'''

(* Consider the following iterative random process on populations (clades) of finite surreal forms, starting from an initial finite clade. Each new clade of size $n$ is produced from the previous clade $\mathcal{C}$ by creating each member independently as follows: draw $n_p\sim\mathrm{Poisson}(\lambda)$ with $\lambda>0$; select $n_p$ surreal forms from $\mathcal{C}$, each independently with probability proportional to $w_{g(x)}$; sort them into an ordered list $P$; choose a split point $s\in\{0,\dots,n_p\}$ from a split distribution $D_s(n_p)$; set $x=\{X_L\mid X_R\}$ with $X_L=\{P[1],\dots,P[s]\}$, $X_R=\{P[s+1],\dots,P[n_p]\}$. Here the weighting is $w_k=f_k/g_k$ whenever $g_k>0$ and $w_k=0$ whenever $g_k=0$, where $g_k$ is the proportion of members of the current clade $\mathcal{C}$ with generation $k$, and $f_k=\alpha^k$ with $\alpha\in(0,1)$. Then the long-term generation distribution of the clades has PMF $$\Pr[g(x)=k]=\begin{cases} e^{-\lambda}, & k=0,\\ e^{-\lambda\alpha^{k}}-e^{-\lambda\alpha^{k-1}}, & k\ge1,\end{cases}$$ equivalently CDF $\Pr[g(x)\le k]=e^{-\lambda\alpha^k}$.
   Context: A (short) surreal form is $x=\{X_L\mid X_R\}$ where $X_L,X_R$ are finite (possibly empty) sets of previously constructed surreal forms such that no element of $X_R$ is $\le$ any element of $X_L$; the base form is $\bar 0=\{\emptyset\mid\emptyset\}$. The elements of $X_L\cup X_R$ are the parents of $x$. The generation is defined by $g(\bar 0)=0$ and $g(x)=1+\max_{p\in X_L\cup X_R} g(p)$.
   Formalization: Clades of size n are replaced by a deterministic iteration: the proportions $g_k$ of each new clade equal the law of a new member's generation given the previous clade's proportions, and the stated PMF is their pointwise limit. Apart from conventions, each condition added here is assumed in the paper as well or is needed for the statement above to hold. *)

theory Defs
  imports "HOL-Probability.Probability"
begin

text \<open>Generation-level model of the clade process (infinite-population / mean-field reading).
  A clade is represented by its generation distribution G (g_k = pmf G k).\<close>

definition gen_weight :: "real \<Rightarrow> nat pmf \<Rightarrow> nat \<Rightarrow> real" where
  "gen_weight \<alpha> G k = (if pmf G k > 0 then \<alpha> ^ k / pmf G k else 0)"

text \<open>Law of the generation of one selected parent: a member is chosen with probability
  proportional to w of its generation, so generation k is chosen with probability
  proportional to w_k * g_k.\<close>
definition parent_gen_pmf :: "real \<Rightarrow> nat pmf \<Rightarrow> nat pmf" where
  "parent_gen_pmf \<alpha> G =
     embed_pmf (\<lambda>k. gen_weight \<alpha> G k * pmf G k / (\<Sum>\<^sub>\<infinity>j. gen_weight \<alpha> G j * pmf G j))"

text \<open>Generation of a newly created member: n_p ~ Poisson(lambda) parents drawn
  independently; g(x) = 0 if there are no parents, otherwise 1 + max parent generation
  (the split point and sorting do not affect the generation).\<close>
definition new_member_gen :: "real \<Rightarrow> real \<Rightarrow> nat pmf \<Rightarrow> nat pmf" where
  "new_member_gen rate \<alpha> G =
     do { np \<leftarrow> poisson_pmf rate;
          ps \<leftarrow> replicate_pmf np (parent_gen_pmf \<alpha> G);
          return_pmf (if ps = [] then 0 else Suc (Max (set ps))) }"

definition clade_gen :: "real \<Rightarrow> real \<Rightarrow> nat pmf \<Rightarrow> nat \<Rightarrow> nat pmf" where
  "clade_gen rate \<alpha> G0 n = (new_member_gen rate \<alpha> ^^ n) G0"

definition limit_gen_pmf :: "real \<Rightarrow> real \<Rightarrow> nat \<Rightarrow> real" where
  "limit_gen_pmf rate \<alpha> k =
     (if k = 0 then exp (- rate) else exp (- rate * \<alpha> ^ k) - exp (- rate * \<alpha> ^ (k - 1)))"

end

theory Submission
  imports Defs
begin

text \<open>With the weights \<open>\<alpha>\<^sup>k / g\<^sub>k\<close> a parent has
  generation \<open>k\<close> with probability \<open>\<alpha>\<^sup>k / Z\<close>, where \<open>Z\<close> (\<open>support_weight\<close>) sums \<open>\<alpha>\<^sup>j\<close> over the
  generations present in the clade. A new member has generation \<open>\<le> k\<close> iff all of its
  \<open>Poisson(\<lambda>)\<close> many parents have generation \<open>< k\<close>, so by the Poisson generating
  function its CDF at \<open>k\<close> is \<open>exp (-\<lambda> (1 - F(k)))\<close> with \<open>F(k)\<close> the parents'
  probability of generation \<open>< k\<close>. The \<open>n\<close>-th clade contains every generation \<open>< n\<close>,
  hence \<open>Z \<longrightarrow> 1 / (1 - \<alpha>)\<close>, \<open>1 - F(k) \<longrightarrow> \<alpha>\<^sup>k\<close>, and the CDF tends to
  \<open>exp (-\<lambda> \<alpha>\<^sup>k)\<close>.\<close>

lemma measure_bind_pmf:
  "measure_pmf.prob (bind_pmf M f) A = (\<integral>x. measure_pmf.prob (f x) A \<partial>measure_pmf M)"
  unfolding measure_pmf_bind
  by (rule measure_pmf.measure_bind[where N="count_space UNIV"])
     (auto simp: measurable_measure_pmf measure_pmf_in_subprob_algebra)

lemma measure_replicate_pmf_lists:
  "measure_pmf.prob (replicate_pmf n P) (lists A) = measure_pmf.prob P A ^ n"
proof (induction n)
  case 0
  then show ?case by simp
next
  case (Suc n)
  have "(#) x -` lists A = (if x \<in> A then lists A else {})" for x
    by auto
  then have "measure_pmf.prob (map_pmf ((#) x) (replicate_pmf n P)) (lists A)
      = indicator A x * measure_pmf.prob P A ^ n" for x
    using Suc.IH by (simp add: indicator_def)
  then show ?case
    by (simp add: measure_bind_pmf map_pmf_def[symmetric])
qed

lemma integral_poisson_power:
  fixes x :: real
  assumes "0 < rate"
  shows "(\<integral>n. x ^ n \<partial>measure_pmf (poisson_pmf rate)) = exp (- rate * (1 - x))"
proof -
  have pmf_times_power: "pmf (poisson_pmf rate) n * y ^ n = exp (- rate) * ((rate * y) ^ n /\<^sub>R fact n)"
    for n and y :: real
    using assms by (simp add: power_mult_distrib divide_inverse)
  have sums: "(\<lambda>n. pmf (poisson_pmf rate) n * y ^ n) sums (exp (- rate) * exp (rate * y))" for y :: real
    unfolding pmf_times_power by (intro sums_mult exp_converges)
  have "integrable (count_space UNIV) (\<lambda>n. pmf (poisson_pmf rate) n * x ^ n)"
    unfolding integrable_count_space_nat_iff
    using sums[of "\<bar>x\<bar>"] by (simp add: abs_mult power_abs sums_summable)
  then have "(\<integral>n. x ^ n \<partial>measure_pmf (poisson_pmf rate)) = (\<Sum>n. pmf (poisson_pmf rate) n * x ^ n)"
    unfolding measure_pmf_eq_density by (simp add: integral_density integral_count_space_nat)
  also have "\<dots> = exp (- rate) * exp (rate * x)"
    using sums[of x] by (simp add: sums_iff)
  also have "\<dots> = exp (- rate * (1 - x))"
    by (simp add: mult_exp_exp algebra_simps)
  finally show ?thesis .
qed

lemma pmf_eq_measure_atMost_diff_lessThan:
  fixes M :: "'a::linorder pmf"
  shows "pmf M k = measure_pmf.prob M {..k} - measure_pmf.prob M {..<k}"
proof -
  have "{..k} = {k} \<union> {..<k}"
    by auto
  then show ?thesis
    by (simp add: measure_pmf.finite_measure_Union[where A="{k}" and B="{..<k}"] measure_pmf_single del: Un_insert_left)
qed

definition support_weight :: "real \<Rightarrow> nat pmf \<Rightarrow> real" where
  "support_weight \<alpha> G = (\<Sum>j\<in>set_pmf G. \<alpha> ^ j)"

lemma support_weight_pos:
  assumes "finite (set_pmf G)" and "0 < \<alpha>"
  shows "0 < support_weight \<alpha> G"
  unfolding support_weight_def using assms set_pmf_not_empty[of G]
  by (intro sum_pos) auto

lemma pmf_parent_gen_pmf:
  assumes fin: "finite (set_pmf G)" and "0 < \<alpha>"
  shows "pmf (parent_gen_pmf \<alpha> G) k = (if k \<in> set_pmf G then \<alpha> ^ k / support_weight \<alpha> G else 0)"
proof -
  define f where "f k = (if k \<in> set_pmf G then \<alpha> ^ k / support_weight \<alpha> G else 0)" for k
  have Z_pos: "0 < support_weight \<alpha> G"
    using support_weight_pos assms by blast
  have weighted: "gen_weight \<alpha> G j * pmf G j = (if j \<in> set_pmf G then \<alpha> ^ j else 0)" for j
    using pmf_nonneg[of G j] by (auto simp: gen_weight_def set_pmf_iff)
  have "(\<Sum>\<^sub>\<infinity>j. gen_weight \<alpha> G j * pmf G j) = (\<Sum>\<^sub>\<infinity>j\<in>set_pmf G. \<alpha> ^ j)"
    unfolding weighted by (rule infsum_cong_neutral) auto
  also have "\<dots> = support_weight \<alpha> G"
    using fin by (simp add: support_weight_def)
  finally have Z: "(\<Sum>\<^sub>\<infinity>j. gen_weight \<alpha> G j * pmf G j) = support_weight \<alpha> G" .
  have "parent_gen_pmf \<alpha> G = embed_pmf f"
    unfolding parent_gen_pmf_def Z unfolding weighted f_def by (rule arg_cong[where f=embed_pmf]) auto
  moreover have f_nonneg: "0 \<le> f x" for x
    using assms Z_pos by (auto simp: f_def)
  moreover have "(\<integral>\<^sup>+x. f x \<partial>count_space UNIV) = 1"
  proof -
    have "(\<integral>\<^sup>+x. f x \<partial>count_space UNIV) = (\<Sum>x\<in>set_pmf G. ennreal (f x))"
      by (rule nn_integral_count_space'[OF fin]) (auto simp: f_def)
    also have "\<dots> = ennreal (\<Sum>x\<in>set_pmf G. f x)"
      using f_nonneg by (simp add: sum_ennreal)
    also have "(\<Sum>x\<in>set_pmf G. f x) = 1"
      using Z_pos by (simp add: f_def support_weight_def sum_divide_distrib[symmetric])
    finally show ?thesis
      by simp
  qed
  ultimately show ?thesis
    using pmf_embed_pmf[of f] f_def by auto
qed

lemma set_pmf_parent_gen_pmf:
  assumes "finite (set_pmf G)" and "0 < \<alpha>"
  shows "set_pmf (parent_gen_pmf \<alpha> G) = set_pmf G"
  using pmf_parent_gen_pmf[OF assms] support_weight_pos[OF assms] assms(2)
  by (auto simp: set_pmf_iff)

lemma measure_parent_gen_pmf_lessThan:
  assumes "finite (set_pmf G)" and "0 < \<alpha>" and "{..<k} \<subseteq> set_pmf G"
  shows "measure_pmf.prob (parent_gen_pmf \<alpha> G) {..<k} = (\<Sum>j<k. \<alpha> ^ j) / support_weight \<alpha> G"
  using assms
  by (simp add: measure_measure_pmf_finite pmf_parent_gen_pmf sum_divide_distrib subset_iff)

lemma support_weight_tendsto:
  assumes "\<And>n. finite (set_pmf (G n))" and "\<And>n. {..<n} \<subseteq> set_pmf (G n)"
    and "0 < \<alpha>" and "\<alpha> < 1"
  shows "(\<lambda>n. support_weight \<alpha> (G n)) \<longlonglongrightarrow> 1 / (1 - \<alpha>)"
proof (rule tendsto_sandwich)
  show "\<forall>\<^sub>F n in sequentially. (\<Sum>j<n. \<alpha> ^ j) \<le> support_weight \<alpha> (G n)"
    unfolding support_weight_def using assms
    by (intro always_eventually allI sum_mono2) auto
  have "summable (\<lambda>j. \<alpha> ^ j)"
    using assms by (intro summable_geometric) auto
  then have "support_weight \<alpha> (G n) \<le> (\<Sum>j. \<alpha> ^ j)" for n
    unfolding support_weight_def using assms by (intro sum_le_suminf) auto
  then show "\<forall>\<^sub>F n in sequentially. support_weight \<alpha> (G n) \<le> 1 / (1 - \<alpha>)"
    using assms by (simp add: suminf_geometric)
  show "(\<lambda>n. \<Sum>j<n. \<alpha> ^ j) \<longlonglongrightarrow> 1 / (1 - \<alpha>)"
    using geometric_sums[of \<alpha>] assms by (simp add: sums_def)
qed simp

lemma measure_parent_gen_pmf_lessThan_tendsto:
  assumes fin: "\<And>n. finite (set_pmf (G n))" and exhaust: "\<And>n. {..<n} \<subseteq> set_pmf (G n)"
    and "0 < \<alpha>" and "\<alpha> < 1"
  shows "(\<lambda>n. measure_pmf.prob (parent_gen_pmf \<alpha> (G n)) {..<k}) \<longlonglongrightarrow> 1 - \<alpha> ^ k"
proof -
  have "\<forall>\<^sub>F n in sequentially. (\<Sum>j<k. \<alpha> ^ j) / support_weight \<alpha> (G n)
      = measure_pmf.prob (parent_gen_pmf \<alpha> (G n)) {..<k}"
    using eventually_ge_at_top[of k]
  proof eventually_elim
    case (elim n)
    then have "{..<k} \<subseteq> set_pmf (G n)"
      using exhaust[of n] by auto
    then show ?case
      using fin assms by (simp add: measure_parent_gen_pmf_lessThan)
  qed
  moreover have "(\<lambda>n. (\<Sum>j<k. \<alpha> ^ j) / support_weight \<alpha> (G n)) \<longlonglongrightarrow> (\<Sum>j<k. \<alpha> ^ j) / (1 / (1 - \<alpha>))"
    using assms by (intro tendsto_intros support_weight_tendsto) auto
  moreover have "(\<Sum>j<k. \<alpha> ^ j) / (1 / (1 - \<alpha>)) = 1 - \<alpha> ^ k"
    using assms by (simp add: sum_gp_strict)
  ultimately show ?thesis
    using Lim_transform_eventually by fastforce
qed
(* For the algorithm described in the context (under Assumptions (A1), (A2), (A3)), for each of the two step-size choices $\gamma_t(i)=\beta(t)$ and $\gamma_t(i)=\beta(n_t(i))$, almost surely for every state $i\in S$: $\sum_{t=0}^\infty q_{\mu_t}(i)\gamma_t(i)=\infty$ and $\sum_{t=0}^\infty q_{\mu_t}(i)^2\gamma_t(i)^2<\infty$.
   Context: Let $\alpha\in(0,1)$ and let $X$ be a Markov decision process with finite state space $S=\{1,\dots,n\}$, finite nonempty action sets $\mathcal A(i)$ ($i\in S$), transition probabilities $P_{ij}(u)$ ($u\in\mathcal A(i)$) and deterministic costs $c(i,u)\ge 0$. A policy is a map $\mu$ with $\mu(i)\in\mathcal A(i)$ for all $i$; it induces a Markov chain $X^\mu$ with transition probabilities $P_{ij}(\mu(i))$. A fixed probability distribution $p$ on $S$ is used as the initial distribution for all policies, and $q_\mu(i)$ denotes the probability that $X^\mu$ with $X^\mu_0\sim p$ ever visits $i$. Assumption (A1): $q_\mu(i)>0$ for every policy $\mu$ and every $i\in S$ (hence, as there are finitely many policies, $q_\mu(i)\ge\delta$ for some $\delta>0$). Assumption (A2): for all $i,j\in S$ and $u,v\in\mathcal A(i)$, $P_{ij}(u)>0$ iff $P_{ij}(v)>0$. The reachability graph is $G=(S,E)$ with $E=\{(i,j):P_{ij}(u)>0\text{ for some }u\}$; $\mathcal T$ denotes its set of transient states. Assumption (A3): the subgraph of $G$ induced by $\mathcal T$ is acyclic. Algorithm: set $J_0=0$. At iteration $t=0,1,2,\dots$: choose a greedy policy $\mu_t$ with respect to $J_t$, i.e. $\mu_t(i)\in\arg\min_{u\in\mathcal A(i)}[c(i,u)+\alpha\sum_jP_{ij}(u)J_t(j)]$; independently of the past, draw $X_0^{\mu_t}\sim p$ and simulate a trajectory $(X^{\mu_t}_k)_{k\ge0}$ under $\mu_t$. Let $N_t(i)=\inf\{k: X^{\mu_t}_k=i\}$ and, when $N_t(i)<\infty$, $\tilde J^{\mu_t}(i)=\sum_{k\ge N_t(i)}\alpha^{k-N_t(i)}c(X^{\mu_t}_k,\mu_t(X^{\mu_t}_k))$. Then $J_{t+1}(i)=(1-\gamma_t(i))J_t(i)+\gamma_t(i)\tilde J^{\mu_t}(i)$ if $N_t(i)<\infty$, and $J_{t+1}(i)=J_t(i)$ otherwise. Step sizes: $\beta:\mathbb N\to(0,1]$ deterministic with $\sum_t\beta(t)=\infty$, $\sum_t\beta(t)^2<\infty$, and $\beta$ nonincreasing for $t>T_0$ for some constant $T_0$. $n_t(i)=\sum_{\tau<t}\mathbf 1\{\text{trajectory at iteration }\tau\text{ visits }i\}$ is the number of iterations before $t$ whose trajectory visited $i$. *)

theory Defs
  imports "HOL-Probability.Probability"
begin

text \<open>Randomness of one iteration: an initial state drawn from p, and for every
  time step k and every state-action pair (s,u) an independent next state drawn
  from P s u (random-mapping representation of the controlled chain).\<close>

definition iter_space :: "'s pmf \<Rightarrow> ('s \<Rightarrow> 'a \<Rightarrow> 's pmf) \<Rightarrow> ('s \<times> (nat \<Rightarrow> 's \<times> 'a \<Rightarrow> 's)) measure" where
  "iter_space p P = measure_pmf p \<Otimes>\<^sub>M
     (\<Pi>\<^sub>M k\<in>(UNIV::nat set). \<Pi>\<^sub>M su\<in>UNIV. measure_pmf (P (fst su) (snd su)))"

definition Omega :: "'s pmf \<Rightarrow> ('s \<Rightarrow> 'a \<Rightarrow> 's pmf) \<Rightarrow> (nat \<Rightarrow> 's \<times> (nat \<Rightarrow> 's \<times> 'a \<Rightarrow> 's)) measure" where
  "Omega p P = (\<Pi>\<^sub>M t\<in>(UNIV::nat set). iter_space p P)"

primrec traj :: "('s \<Rightarrow> 'a) \<Rightarrow> ('s \<times> (nat \<Rightarrow> 's \<times> 'a \<Rightarrow> 's)) \<Rightarrow> nat \<Rightarrow> 's" where
  "traj mu w 0 = fst w"
| "traj mu w (Suc k) = snd w k (traj mu w k, mu (traj mu w k))"

definition policy :: "('s \<Rightarrow> 'a set) \<Rightarrow> ('s \<Rightarrow> 'a) \<Rightarrow> bool" where
  "policy A mu \<longleftrightarrow> (\<forall>s. mu s \<in> A s)"

definition visit_prob :: "'s pmf \<Rightarrow> ('s \<Rightarrow> 'a \<Rightarrow> 's pmf) \<Rightarrow> ('s \<Rightarrow> 'a) \<Rightarrow> 's \<Rightarrow> real" where
  "visit_prob p P mu i = measure (iter_space p P) {w \<in> space (iter_space p P). \<exists>k. traj mu w k = i}"

definition Qval :: "('s \<Rightarrow> 'a \<Rightarrow> real) \<Rightarrow> real \<Rightarrow> ('s \<Rightarrow> 'a \<Rightarrow> 's::finite pmf) \<Rightarrow> ('s \<Rightarrow> real) \<Rightarrow> 's \<Rightarrow> 'a \<Rightarrow> real" where
  "Qval c \<alpha> P J s u = c s u + \<alpha> * (\<Sum>j\<in>UNIV. pmf (P s u) j * J j)"

definition greedy_sel :: "('s \<Rightarrow> 'a set) \<Rightarrow> ('s \<Rightarrow> 'a \<Rightarrow> real) \<Rightarrow> real \<Rightarrow> ('s \<Rightarrow> 'a \<Rightarrow> 's::finite pmf)
    \<Rightarrow> (('s \<Rightarrow> real) \<Rightarrow> 's \<Rightarrow> 'a) \<Rightarrow> bool" where
  "greedy_sel A c \<alpha> P sel \<longleftrightarrow>
     (\<forall>J s. sel J s \<in> A s \<and> (\<forall>u\<in>A s. Qval c \<alpha> P J s (sel J s) \<le> Qval c \<alpha> P J s u))"

definition reach_edges :: "('s \<Rightarrow> 'a set) \<Rightarrow> ('s \<Rightarrow> 'a \<Rightarrow> 's pmf) \<Rightarrow> ('s \<times> 's) set" where
  "reach_edges A P = {(i, j). \<exists>u\<in>A i. pmf (P i u) j > 0}"

definition transient_states :: "('s \<Rightarrow> 'a set) \<Rightarrow> ('s \<Rightarrow> 'a \<Rightarrow> 's pmf) \<Rightarrow> 's set" where
  "transient_states A P = {i. \<exists>j. (i, j) \<in> (reach_edges A P)\<^sup>* \<and> (j, i) \<notin> (reach_edges A P)\<^sup>*}"

definition first_visit :: "(nat \<Rightarrow> 's) \<Rightarrow> 's \<Rightarrow> nat" where
  "first_visit x i = (LEAST k. x k = i)"

definition tail_cost :: "('s \<Rightarrow> 'a \<Rightarrow> real) \<Rightarrow> real \<Rightarrow> ('s \<Rightarrow> 'a) \<Rightarrow> (nat \<Rightarrow> 's) \<Rightarrow> nat \<Rightarrow> real" where
  "tail_cost c \<alpha> mu x N = (\<Sum>m. \<alpha> ^ m * c (x (N + m)) (mu (x (N + m))))"

text \<open>State of the algorithm before iteration t: (J_t, n_t). The step size used at
  iteration t for state i is step t (n_t i).\<close>
primrec alg :: "('s \<Rightarrow> 'a \<Rightarrow> real) \<Rightarrow> real \<Rightarrow> (('s \<Rightarrow> real) \<Rightarrow> 's \<Rightarrow> 'a) \<Rightarrow> (nat \<Rightarrow> nat \<Rightarrow> real)
    \<Rightarrow> (nat \<Rightarrow> 's \<times> (nat \<Rightarrow> 's \<times> 'a \<Rightarrow> 's)) \<Rightarrow> nat \<Rightarrow> ('s \<Rightarrow> real) \<times> ('s \<Rightarrow> nat)" where
  "alg c \<alpha> sel step \<omega> 0 = (\<lambda>_. 0, \<lambda>_. 0)"
| "alg c \<alpha> sel step \<omega> (Suc t) =
     (let J = fst (alg c \<alpha> sel step \<omega> t); n = snd (alg c \<alpha> sel step \<omega> t);
          mu = sel J; x = traj mu (\<omega> t)
      in (\<lambda>i. if \<exists>k. x k = i
               then (1 - step t (n i)) * J i + step t (n i) * tail_cost c \<alpha> mu x (first_visit x i)
               else J i,
          \<lambda>i. if \<exists>k. x k = i then Suc (n i) else n i))"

'''

* _What is expected_
Within the listing, how many lines hold the string "infinity"? State that number alone.

* _Answer section_
3